[Extracted material — start]

(* Proper interval graphs $\subsetneq$ exactly hittable interval graphs $\subsetneq$ interval graphs (both containments are strict).
   Context: An interval graph is the intersection graph of a finite family of intervals on a line. A proper interval graph is an interval graph having an interval representation in which no interval properly contains another. An interval hypergraph has vertex set $[n]$ and hyperedges that are nonempty sets of consecutive integers; it is exactly hittable if there is a set $T$ of points with $|T\cap I|=1$ for every hyperedge $I$. An exactly hittable interval graph is an interval graph that is the intersection graph of an exactly hittable interval hypergraph. *)

theory Defs
  imports Complex_Main
begin

definition simple_graph :: "'a set \<Rightarrow> 'a set set \<Rightarrow> bool" where
  "simple_graph V E \<longleftrightarrow> finite V \<and>
     (\<forall>e\<in>E. \<exists>u v. u \<in> V \<and> v \<in> V \<and> u \<noteq> v \<and> e = {u, v})"

definition is_intersection_graph :: "'a set \<Rightarrow> 'a set set \<Rightarrow> ('a \<Rightarrow> 'b set) \<Rightarrow> bool" where
  "is_intersection_graph V E I \<longleftrightarrow>
     (\<forall>u\<in>V. \<forall>v\<in>V. u \<noteq> v \<longrightarrow> ({u, v} \<in> E \<longleftrightarrow> I u \<inter> I v \<noteq> {}))"

definition interval_graph :: "'a set \<Rightarrow> 'a set set \<Rightarrow> bool" where
  "interval_graph V E \<longleftrightarrow> simple_graph V E \<and>
     (\<exists>l r :: 'a \<Rightarrow> real. (\<forall>v\<in>V. l v \<le> r v) \<and>
        is_intersection_graph V E (\<lambda>v. {l v..r v}))"
(* Let $t_0=\inf\{x:G([0,x])>0\}$. Then $\lim_{v\to\infty}\big(\Lambda(v)-v-t_0\big)=0$. If moreover $G(\{t_0\})>0$, then $\Lambda(v)=v+t_0$ for all $v\ge(1-G(\{t_0\}))/G(\{t_0\})$.
   Context: Model: Let $G$ be a probability measure on $[0,\infty)$. In $\mathbb Z^2$, every vertical edge has weight $1$ and every horizontal edge an independent random weight with law $G$; the passage time of a nearest-neighbour path is the sum of its edge weights; $T(u,w)$ is the infimum over paths from $u$ to $w$. For $v\ge0$, $\Lambda(v)=\lim_n\frac1nT((0,0),(n,\lceil vn\rceil))$ (a.s. limit, deterministic). *)

theory Defs
  imports "HOL-Probability.Probability"
begin

type_synonym vert = "int \<times> int"

text \<open>Environment: \<omega> (x,y) is the weight of the horizontal edge between (x,y) and (x+1,y).
  Vertical edges have weight 1.\<close>

definition adj :: "vert \<Rightarrow> vert \<Rightarrow> bool" where
  "adj a b \<longleftrightarrow> \<bar>fst a - fst b\<bar> + \<bar>snd a - snd b\<bar> = 1"

definition edge_wt :: "(vert \<Rightarrow> real) \<Rightarrow> vert \<Rightarrow> vert \<Rightarrow> real" where
  "edge_wt \<omega> a b = (if snd a = snd b then \<omega> (min (fst a) (fst b), snd a) else 1)"

fun path_time :: "(vert \<Rightarrow> real) \<Rightarrow> vert list \<Rightarrow> real" where
  "path_time \<omega> [] = 0"
| "path_time \<omega> [a] = 0"
| "path_time \<omega> (a # b # rest) = edge_wt \<omega> a b + path_time \<omega> (b # rest)"

definition is_path :: "vert \<Rightarrow> vert \<Rightarrow> vert list \<Rightarrow> bool" where
  "is_path u w p \<longleftrightarrow> p \<noteq> [] \<and> hd p = u \<and> last p = w \<and>
     (\<forall>i. Suc i < length p \<longrightarrow> adj (p ! i) (p ! Suc i))"

definition passage_time :: "(vert \<Rightarrow> real) \<Rightarrow> vert \<Rightarrow> vert \<Rightarrow> real" where
  "passage_time \<omega> u w = Inf {path_time \<omega> p | p. is_path u w p}"

definition env :: "real measure \<Rightarrow> (vert \<Rightarrow> real) measure" where
  "env G = PiM UNIV (\<lambda>_. G)"

end

theory Submission
  imports Defs
begin

(*
  A path from (0,0) to (n,m) with m >= 0 uses at least n horizontal and m vertical edges, and almost
  surely every horizontal weight is at least t0; hence Lambda(v) >= t0 + v.

  For the converse fix s with q = G[0,s] > 0 and follow the greedy path: in each column climb to the
  first horizontal edge of weight at most s and cross it. The climbs are geometric with mean
  (1-q)/q, and the height reached before column x depends only on the columns to the left of x, so
  after n columns the height R_n has mean at most n (1-q)/q. By Markov's inequality R_n < c n has
  probability bounded away from 0 when c > (1-q)/q, so for some environment in the almost sure set it
  happens for infinitely many n. Finishing with a vertical segment to (n, ceil(v n)) costs at most
  n s + ceil(v n) + 2 n max(0, c - v), so Lambda(v) <= s + v whenever v >= (1-q)/q. Letting s decrease
  to t0 gives the limit; if G{t0} > 0 one may take s = t0.
*)

section \<open>Passage times of explicit paths\<close>

lemma path_time_snoc:
  "p \<noteq> [] \<Longrightarrow> path_time \<omega> (p @ [z]) = path_time \<omega> p + edge_wt \<omega> (last p) z"
  by (induction \<omega> p rule: path_time.induct) auto

lemma is_path_snoc:
  assumes "is_path u w p" "adj w z"
  shows "is_path u z (p @ [z])"
  unfolding is_path_def
proof (intro conjI allI impI)
  show "hd (p @ [z]) = u" using assms(1) by (auto simp: is_path_def)
  fix i assume i: "Suc i < length (p @ [z])"
  show "adj ((p @ [z]) ! i) ((p @ [z]) ! Suc i)"
  proof (cases "Suc i < length p")
    case True
    then show ?thesis using assms(1) by (auto simp: is_path_def nth_append)
  next
    case False
    then have "i = length p - 1" "p \<noteq> []" using i assms(1) by (auto simp: is_path_def)
    then show ?thesis using assms by (auto simp: is_path_def nth_append last_conv_nth)
  qed
qed simp_all
(* Let $G=(V,E)$ be a simple graph with $n\ge 2$ vertices and $|E|=2n-3$. Let $e\in E$, and let $G^*$ be the multigraph obtained from $G$ by adding a parallel copy $e_{add}$ of $e$. Suppose the edge set of $G^*$ is partitioned into two edge-disjoint spanning trees $T^r$ (red) and $T^b$ (black) with $e_{add}\in T^b$. Run the decomposition procedure on $(G^*,T^r,T^b)$. Then $G$ is a Laman graph if and only if every edge of $G^*$ is deleted by the time the procedure terminates.
   Context: A graph $G$ with $n$ vertices and $m$ edges is a Laman graph if $m=2n-3$ and, for every $k\ge 2$, every set of $k$ vertices induces at most $2k-3$ edges. Each edge of $G^*$ carries the color of the tree containing it. Decomposition procedure. Step 1 deletes $e_{add}$. For $i=2,3,\dots$, let $c_i$ be red if $i$ is even and black if $i$ is odd, and let $\bar c_i$ be the other color. Let $F$ be the set of not-yet-deleted edges of color $\bar c_i$. Step $i$ deletes, simultaneously, every not-yet-deleted edge of color $c_i$ whose two endpoints lie in different connected components of the graph $(V,F)$. The procedure terminates at the first step $i\ge 2$ in which no edge is deleted. *)

theory Defs
  imports Main
begin

(* A multigraph is given by a set of edge identifiers Es and an endpoint map ends. *)

definition adj_rel :: "('e \<Rightarrow> 'a set) \<Rightarrow> 'e set \<Rightarrow> ('a \<times> 'a) set" where
  "adj_rel ends F = {(u, v). \<exists>f\<in>F. ends f = {u, v}}"

definition conn :: "('e \<Rightarrow> 'a set) \<Rightarrow> 'e set \<Rightarrow> 'a \<Rightarrow> 'a \<Rightarrow> bool" where
  "conn ends F u v \<longleftrightarrow> (u, v) \<in> (adj_rel ends F)\<^sup>*"

definition spanning_tree :: "'a set \<Rightarrow> ('e \<Rightarrow> 'a set) \<Rightarrow> 'e set \<Rightarrow> bool" where
  "spanning_tree V ends T \<longleftrightarrow>
     (\<forall>f\<in>T. ends f \<subseteq> V) \<and>
     (\<forall>u\<in>V. \<forall>v\<in>V. conn ends T u v) \<and>
     (\<forall>f\<in>T. \<forall>u v. ends f = {u, v} \<longrightarrow> \<not> conn ends (T - {f}) u v)"

definition simple_graph :: "'a set \<Rightarrow> 'a set set \<Rightarrow> bool" where
  "simple_graph V E \<longleftrightarrow> finite V \<and> (\<forall>x\<in>E. \<exists>u v. u \<in> V \<and> v \<in> V \<and> u \<noteq> v \<and> x = {u, v})"

definition laman :: "'a set \<Rightarrow> 'a set set \<Rightarrow> bool" where
  "laman V E \<longleftrightarrow> card E = 2 * card V - 3 \<and>
     (\<forall>S \<subseteq> V. card S \<ge> 2 \<longrightarrow> card {x\<in>E. x \<subseteq> S} \<le> 2 * card S - 3)"

(* Step i \<ge> 2 of the decomposition procedure, given the set D of edges deleted so far.
   red f = True means f is red. c_i is red iff i is even; an edge f has colour c_i iff
   red f = even i. *)
definition step_del :: "('e \<Rightarrow> 'a set) \<Rightarrow> 'e set \<Rightarrow> ('e \<Rightarrow> bool) \<Rightarrow> nat \<Rightarrow> 'e set \<Rightarrow> 'e set" where
  "step_del ends Es red i D =
     (let F = {g \<in> Es - D. red g \<noteq> even i}
      in {f \<in> Es - D. red f = even i \<and>
            (\<forall>u v. ends f = {u, v} \<longrightarrow> \<not> conn ends F u v)})"

fun deleted :: "('e \<Rightarrow> 'a set) \<Rightarrow> 'e set \<Rightarrow> ('e \<Rightarrow> bool) \<Rightarrow> 'e \<Rightarrow> nat \<Rightarrow> 'e set" where
  "deleted ends Es red eadd 0 = {}"
| "deleted ends Es red eadd (Suc 0) = {eadd}"
| "deleted ends Es red eadd (Suc (Suc k)) =
     deleted ends Es red eadd (Suc k) \<union> step_del ends Es red (Suc (Suc k)) (deleted ends Es red eadd (Suc k))"

definition all_deleted_at_termination :: "('e \<Rightarrow> 'a set) \<Rightarrow> 'e set \<Rightarrow> ('e \<Rightarrow> bool) \<Rightarrow> 'e \<Rightarrow> bool" where
  "all_deleted_at_termination ends Es red eadd \<longleftrightarrow>
     (\<exists>k\<ge>2. step_del ends Es red k (deleted ends Es red eadd (k - 1)) = {} \<and>
            (\<forall>j. 2 \<le> j \<and> j < k \<longrightarrow> step_del ends Es red j (deleted ends Es red eadd (j - 1)) \<noteq> {}) \<and>
            deleted ends Es red eadd k = Es)"

end

theory Submission
  imports Defs
begin

(* Call a set F of coloured edges balanced if the endpoints of every edge of F
   are joined by a path of edges of F of the other colour.  Two facts about the procedure
   drive the proof:
   (1) a balanced set of edges that does not contain e_add is never deleted, because at
       every step its other-coloured edges are still present and connect each of its edges;
   (2) at the first idle step the surviving edges form a balanced set.
   Two counting facts translate balancedness into density: a set of at least 2|S| - 2
   edges on a vertex set S that splits into a red and a black forest is balanced (both
   forests are spanning trees of S), and a nonempty balanced set contains a component P
   spanned by both colours, hence at least 2|P| - 2 edges inside P.  So the procedure
   deletes everything exactly when no vertex set S induces 2|S| - 2 edges of G, i.e. when
   G is Laman. *)

lemma adj_rel_sym: "sym (adj_rel en F)"
  unfolding adj_rel_def sym_def by (auto simp: insert_commute)

lemma conn_refl [simp]: "conn en F u u"
  by (simp add: conn_def)

lemma conn_sym: "conn en F u v \<Longrightarrow> conn en F v u"
  unfolding conn_def by (rule symD[OF sym_rtrancl[OF adj_rel_sym]])

lemma conn_trans: "conn en F u v \<Longrightarrow> conn en F v w \<Longrightarrow> conn en F u w"
  unfolding conn_def by (rule rtrancl_trans)

lemma conn_edge: "f \<in> F \<Longrightarrow> en f = {u, v} \<Longrightarrow> conn en F u v"
  unfolding conn_def adj_rel_def by (rule r_into_rtrancl) auto

lemma conn_empty: "conn en {} u v \<longleftrightarrow> u = v"
  unfolding conn_def adj_rel_def by simp

lemma conn_transfer:
  assumes "\<forall>g\<in>F. \<forall>u v. en g = {u, v} \<longrightarrow> conn en F' u v" "conn en F x y"
  shows "conn en F' x y"
proof -
  have "adj_rel en F \<subseteq> (adj_rel en F')\<^sup>*"
    using assms(1) unfolding adj_rel_def conn_def by auto
  then show ?thesis
    using assms(2) rtrancl_subset_rtrancl unfolding conn_def by blast
qed

lemma conn_mono: "F \<subseteq> F' \<Longrightarrow> conn en F u v \<Longrightarrow> conn en F' u v"
  by (rule conn_transfer) (auto intro: conn_edge)

lemma conn_within:
  assumes "\<forall>f\<in>F. en f \<subseteq> S" "conn en F u v" "u \<in> S"
  shows "v \<in> S"
  using assms(2,3) unfolding conn_def
proof (induction rule: rtrancl_induct)
  case (step y z)
  then obtain f where "f \<in> F" "en f = {y, z}" unfolding adj_rel_def by auto
  then show ?case using assms(1) step.IH by auto
qed

lemma conn_restrict_component:
  assumes "conn en F a v"
  shows "conn en {g\<in>F. en g \<subseteq> {w. conn en F a w}} a v"
proof -
  have "(a, v) \<in> (adj_rel en F)\<^sup>*"
    using assms unfolding conn_def .
  then show ?thesis
  proof (induction rule: rtrancl_induct)
    case (step y z)
    then obtain g where g: "g \<in> F" "en g = {y, z}"
      unfolding adj_rel_def by auto
    have ay: "conn en F a y"
      using step.hyps(1) unfolding conn_def .
    have az: "conn en F a z"
      using conn_trans[OF ay conn_edge[of g F en y z, OF g]] .
    have "g \<in> {g\<in>F. en g \<subseteq> {w. conn en F a w}}"
      using g ay az by auto
    then have "conn en {g\<in>F. en g \<subseteq> {w. conn en F a w}} y z"
      using g(2) by (rule conn_edge)
    then show ?case using step.IH by (rule conn_trans[rotated])
  qed simp
qed
definition loc_lipschitz_on :: "'a::metric_space set \<Rightarrow> ('a \<Rightarrow> 'b::metric_space) \<Rightarrow> bool" where
  "loc_lipschitz_on S f \<longleftrightarrow> (\<forall>x\<in>S. \<exists>e>0. \<exists>C. C-lipschitz_on (S \<inter> ball x e) f)"

definition level_bounded :: "('a::metric_space \<Rightarrow> ereal) \<Rightarrow> bool" where
  "level_bounded F \<longleftrightarrow> (\<forall>c::real. bounded {x. F x \<le> ereal c})"

definition prox :: "('a::real_normed_vector \<Rightarrow> ereal) \<Rightarrow> 'a \<Rightarrow> 'a set" where
  "prox \<phi> x = {u. \<forall>w. \<phi> u + ereal (norm (u - x)^2 / 2) \<le> \<phi> w + ereal (norm (w - x)^2 / 2)}"

definition frac_obj :: "('a \<Rightarrow> ereal) \<Rightarrow> ('a \<Rightarrow> real) \<Rightarrow> ('a \<Rightarrow> real) \<Rightarrow> 'a \<Rightarrow> ereal" where
  "frac_obj f g h x = (if g x \<noteq> 0 \<and> x \<in> edom f
      then ereal ((real_of_ereal (f x) + h x) / g x) else \<infinity>)"

definition frechet_subdiff :: "('a::real_inner \<Rightarrow> ereal) \<Rightarrow> 'a \<Rightarrow> 'a set" where
  "frechet_subdiff \<phi> x = (if \<bar>\<phi> x\<bar> \<noteq> \<infinity> then
     {v. Liminf (at x) (\<lambda>z. (\<phi> z - \<phi> x - ereal (v \<bullet> (z - x))) / ereal (norm (z - x))) \<ge> 0}
   else {})"

end

theory Submission
  imports Defs
begin

text \<open>
  Write \<open>C\<^sub>k = F(x\<^sup>k)\<close>. Comparing the prox step with the candidate \<open>x\<^sup>k\<close> and using the descent
  lemma for \<open>h\<close> gives the sufficient decrease
  \<open>(1/\<alpha>hi - L)/2 \<cdot> \<parallel>x\<^sup>k\<^sup>+\<^sup>1 - x\<^sup>k\<parallel>\<^sup>2 \<le> (C\<^sub>k - C\<^sub>k\<^sub>+\<^sub>1) g(x\<^sup>k\<^sup>+\<^sup>1)\<close>.
  Hence the iterates stay in \<open>dom F\<close>, \<open>C\<^sub>k\<close> decreases to a limit \<open>C\<^sub>*\<close>, and the iterates lie in a
  sublevel set of \<open>F\<close>, so they are bounded. Along a subsequence converging to \<open>x\<^sub>*\<close> the steps vanish,
  lower semicontinuity of \<open>f\<close> and \<open>F\<close> gives \<open>f(x\<^sup>k) \<rightarrow> f(x\<^sub>*)\<close> and \<open>F(x\<^sub>*) = C\<^sub>*\<close>, and passing to the
  limit in the prox inequality yields \<open>f + h - C\<^sub>* g \<ge> -M \<parallel>\<cdot> - x\<^sub>*\<parallel>\<^sup>2\<close> on \<open>dom f\<close>. Dividing by \<open>g\<close> this is a
  quadratic minorant of \<open>F - F(x\<^sub>*)\<close> near \<open>x\<^sub>*\<close>, which makes \<open>0\<close> a Frechet subgradient.
\<close>

lemma lipschitz_gradient_quadratic_bound:
  fixes h :: "'a::real_inner \<Rightarrow> real"
  assumes h: "\<And>y. (h has_derivative (\<lambda>v. G y \<bullet> v)) (at y)" and G: "L-lipschitz_on UNIV G"
  shows "\<bar>h y - h x - G x \<bullet> (y - x)\<bar> \<le> L / 2 * norm (y - x)^2"
proof -
  define d where "d = y - x"
  define \<phi> where "\<phi> t = h (x + t *\<^sub>R d) - t * (G x \<bullet> d)" for t
  have \<phi>_deriv: "(\<phi> has_real_derivative (G (x + t *\<^sub>R d) - G x) \<bullet> d) (at t)" for t
  proof -
    have "((\<lambda>t. x + t *\<^sub>R d) has_derivative (\<lambda>s. s *\<^sub>R d)) (at t)"
      by (auto intro!: derivative_eq_intros)
    from has_derivative_compose[OF this h]
    have "((\<lambda>t. h (x + t *\<^sub>R d)) has_derivative (\<lambda>s. G (x + t *\<^sub>R d) \<bullet> (s *\<^sub>R d))) (at t)" .
    moreover have "(\<lambda>s. G (x + t *\<^sub>R d) \<bullet> (s *\<^sub>R d)) = (*) (G (x + t *\<^sub>R d) \<bullet> d)"
      by (rule ext) simp
    ultimately have "((\<lambda>t. h (x + t *\<^sub>R d)) has_real_derivative G (x + t *\<^sub>R d) \<bullet> d) (at t)"
      unfolding has_field_derivative_def by (simp only:)
    then show ?thesis
      unfolding \<phi>_def by (auto intro!: derivative_eq_intros simp: inner_diff_left)
  qed
  have \<phi>'_bound: "\<bar>(G (x + t *\<^sub>R d) - G x) \<bullet> d\<bar> \<le> L * t * norm d ^ 2" if "0 \<le> t" for t
  proof -
    have "\<bar>(G (x + t *\<^sub>R d) - G x) \<bullet> d\<bar> \<le> norm (G (x + t *\<^sub>R d) - G x) * norm d"
      by (rule Cauchy_Schwarz_ineq2)
    also have "\<dots> \<le> L * norm (t *\<^sub>R d) * norm d"
      using lipschitz_onD[OF G, of "x + t *\<^sub>R d" x] by (intro mult_right_mono) (auto simp: dist_norm)
    also have "\<dots> = L * t * norm d ^ 2"
      using that by (simp add: power2_eq_square)
    finally show ?thesis .
  qed
  txt \<open>Since \<open>\<bar>\<phi>' t\<bar> \<le> L t \<parallel>d\<parallel>\<^sup>2\<close>, the functions \<open>\<phi> t \<plusminus> L t\<^sup>2 \<parallel>d\<parallel>\<^sup>2 / 2\<close> are monotone on \<open>[0,1]\<close>.\<close>
  have "\<phi> 1 - L/2 * 1^2 * norm d^2 \<le> \<phi> 0 - L/2 * 0^2 * norm d^2"
  proof (rule DERIV_nonpos_imp_nonincreasing[of 0 1 "\<lambda>t. \<phi> t - L/2 * t^2 * norm d^2"])
    fix t :: real assume t: "0 \<le> t" "t \<le> 1"
    have "((\<lambda>t. \<phi> t - L/2 * t^2 * norm d^2) has_real_derivative
        (G (x + t *\<^sub>R d) - G x) \<bullet> d - L * t * norm d^2) (at t)"
      by (auto intro!: derivative_eq_intros \<phi>_deriv)
    moreover have "(G (x + t *\<^sub>R d) - G x) \<bullet> d - L * t * norm d^2 \<le> 0"
      using abs_le_D1[OF \<phi>'_bound[OF t(1)]] by linarith
    ultimately show "\<exists>y. ((\<lambda>t. \<phi> t - L/2 * t^2 * norm d^2) has_real_derivative y) (at t) \<and> y \<le> 0"
      by blast
  qed simp
  moreover have "\<phi> 0 + L/2 * 0^2 * norm d^2 \<le> \<phi> 1 + L/2 * 1^2 * norm d^2"
  proof (rule DERIV_nonneg_imp_nondecreasing[of 0 1 "\<lambda>t. \<phi> t + L/2 * t^2 * norm d^2"])
    fix t :: real assume t: "0 \<le> t" "t \<le> 1"
    have "((\<lambda>t. \<phi> t + L/2 * t^2 * norm d^2) has_real_derivative
        (G (x + t *\<^sub>R d) - G x) \<bullet> d + L * t * norm d^2) (at t)"
      by (auto intro!: derivative_eq_intros \<phi>_deriv)
    moreover have "0 \<le> (G (x + t *\<^sub>R d) - G x) \<bullet> d + L * t * norm d^2"
      using abs_le_D2[OF \<phi>'_bound[OF t(1)]] by linarith
    ultimately show "\<exists>y. ((\<lambda>t. \<phi> t + L/2 * t^2 * norm d^2) has_real_derivative y) (at t) \<and> y \<ge> 0"
      by blast
  qed simp
  ultimately show ?thesis
    unfolding abs_le_iff by (simp add: \<phi>_def d_def)
qed
lemma paper_code_MDS:
  assumes "finite (UNIV :: 'f set)"
  shows "MDS_array_code n k (3 * 2 ^ n) (paper_code n k lam)"
proof -
  have K: "{1..k} \<subseteq> {1..n}" "card {1..k} = k"
    using k_less_n by auto
  have "fscale.dim (paper_code n k lam) = card {1..k} * (3 * 2 ^ n)"
    by (rule dim_array_code[OF paper_code_subspace finite_atLeastAtMost
          paper_code_free_on[OF assms K] paper_code_determined[OF K]])
  moreover have "c = c'" if "K \<subseteq> {1..n}" and "card K = k" and "c \<in> paper_code n k lam"
    and "c' \<in> paper_code n k lam" and "\<forall>i\<in>K. c i = c' i" for K c c'
    using paper_code_determined[OF that(1-4)] that(5) by simp
  ultimately show ?thesis
    unfolding MDS_array_code_def using paper_code_subspace by (auto simp: paper_code_def)
qed

text \<open>This is where the structure of the code enters: the sum of two columns whose indices
  differ exactly in digit u, extended by the two symbols of node u, is a word of a Vandermonde
  nullspace with n + 1 distinct points.\<close>

lemma paper_code_pair_columns:
  assumes c: "c \<in> paper_code n k lam" and "p < 3 * 2 ^ n" and "q < 3 * 2 ^ n" and "u \<in> {1..n}"
    and digits: "\<And>i. i \<in> {1..n} \<Longrightarrow>
      bin_digit q i = (if i = u then 1 - bin_digit p i else bin_digit p i)"
    and "S \<subseteq> {1..n} - {u}" and "card S = k + 1" and sum_S: "\<forall>i\<in>S. c i p + c i q = 0"
  shows "c u p = 0" and "c u q = 0" and "\<forall>i\<in>{1..n} - {u}. c i p + c i q = 0"
proof -
  let ?P = "\<lambda>i. lam i (bin_digit p i)" and ?Q = "lam u (bin_digit q u)"
  have Q: "?Q \<notin> ?P ` {1..n}"
  proof
    assume "?Q \<in> ?P ` {1..n}"
    then obtain i where "i \<in> {1..n}" and "?Q = ?P i"
      by auto
    then have "i = u" and "bin_digit q u = bin_digit p u"
      using lam_eq_iff[OF \<open>u \<in> {1..n}\<close> \<open>i \<in> {1..n}\<close> bin_digit_le_1 bin_digit_le_1] by auto
    then show False
      using digits[OF \<open>u \<in> {1..n}\<close>] bin_digit_le_1[of p u] by arith
  qed
  have y: "(\<lambda>i. c i p) \<in> vandermonde_nullspace {1..n} ?P (n - k)"
    using c \<open>p < 3 * 2 ^ n\<close> by (simp add: paper_code_iff_columns)
  have z: "(\<lambda>i. c i q) \<in> vandermonde_nullspace {1..n} (?P(u := ?Q)) (n - k)"
  proof -
    have "(\<lambda>i. c i q) \<in> vandermonde_nullspace {1..n} (\<lambda>i. lam i (bin_digit q i)) (n - k)"
      using c \<open>q < 3 * 2 ^ n\<close> by (simp add: paper_code_iff_columns)
    also have "\<dots> = vandermonde_nullspace {1..n} (?P(u := ?Q)) (n - k)"
      using digits by (intro vandermonde_nullspace_cong) simp
    finally show ?thesis .
  qed
  have "card {1..n} < card S + (n - k)"
    using \<open>card S = k + 1\<close> k_less_n by simp
  from vandermonde_nullspace_pair[OF finite_atLeastAtMost \<open>u \<in> {1..n}\<close> column_points_inj Q y z
      \<open>S \<subseteq> {1..n} - {u}\<close> this sum_S]
  show "c u p = 0" and "c u q = 0" and "\<forall>i\<in>{1..n} - {u}. c i p + c i q = 0"
    by simp_all
qed

end

section \<open>The repair scheme\<close>

definition query1 :: "nat \<Rightarrow> nat \<Rightarrow> nat \<Rightarrow> (nat \<Rightarrow> 'f::plus) \<Rightarrow> 'f" where
  "query1 n i1 a x = x (bin_digit a i1 * 2 ^ n + a) + x (bin_digit a i1 * 2 ^ n + flip_digit i1 a)"

definition query2 :: "nat \<Rightarrow> nat \<Rightarrow> nat \<Rightarrow> nat \<Rightarrow> (nat \<Rightarrow> 'f::plus) \<Rightarrow> 'f" where
  "query2 n i1 i2 a x = x (2 * 2 ^ n + a) + x (bin_digit a i1 * 2 ^ n + flip_digit i2 a)"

[Extracted material — finish]

__Aim of the exercise__: Filter the entries down to the lines containing "times". Copy each of those lines.

__Exercise solution__:
type_synonym vert = "int \<times> int"
section \<open>Passage times of explicit paths\<close>
definition adj_rel :: "('e \<Rightarrow> 'a set) \<Rightarrow> 'e set \<Rightarrow> ('a \<times> 'a) set" where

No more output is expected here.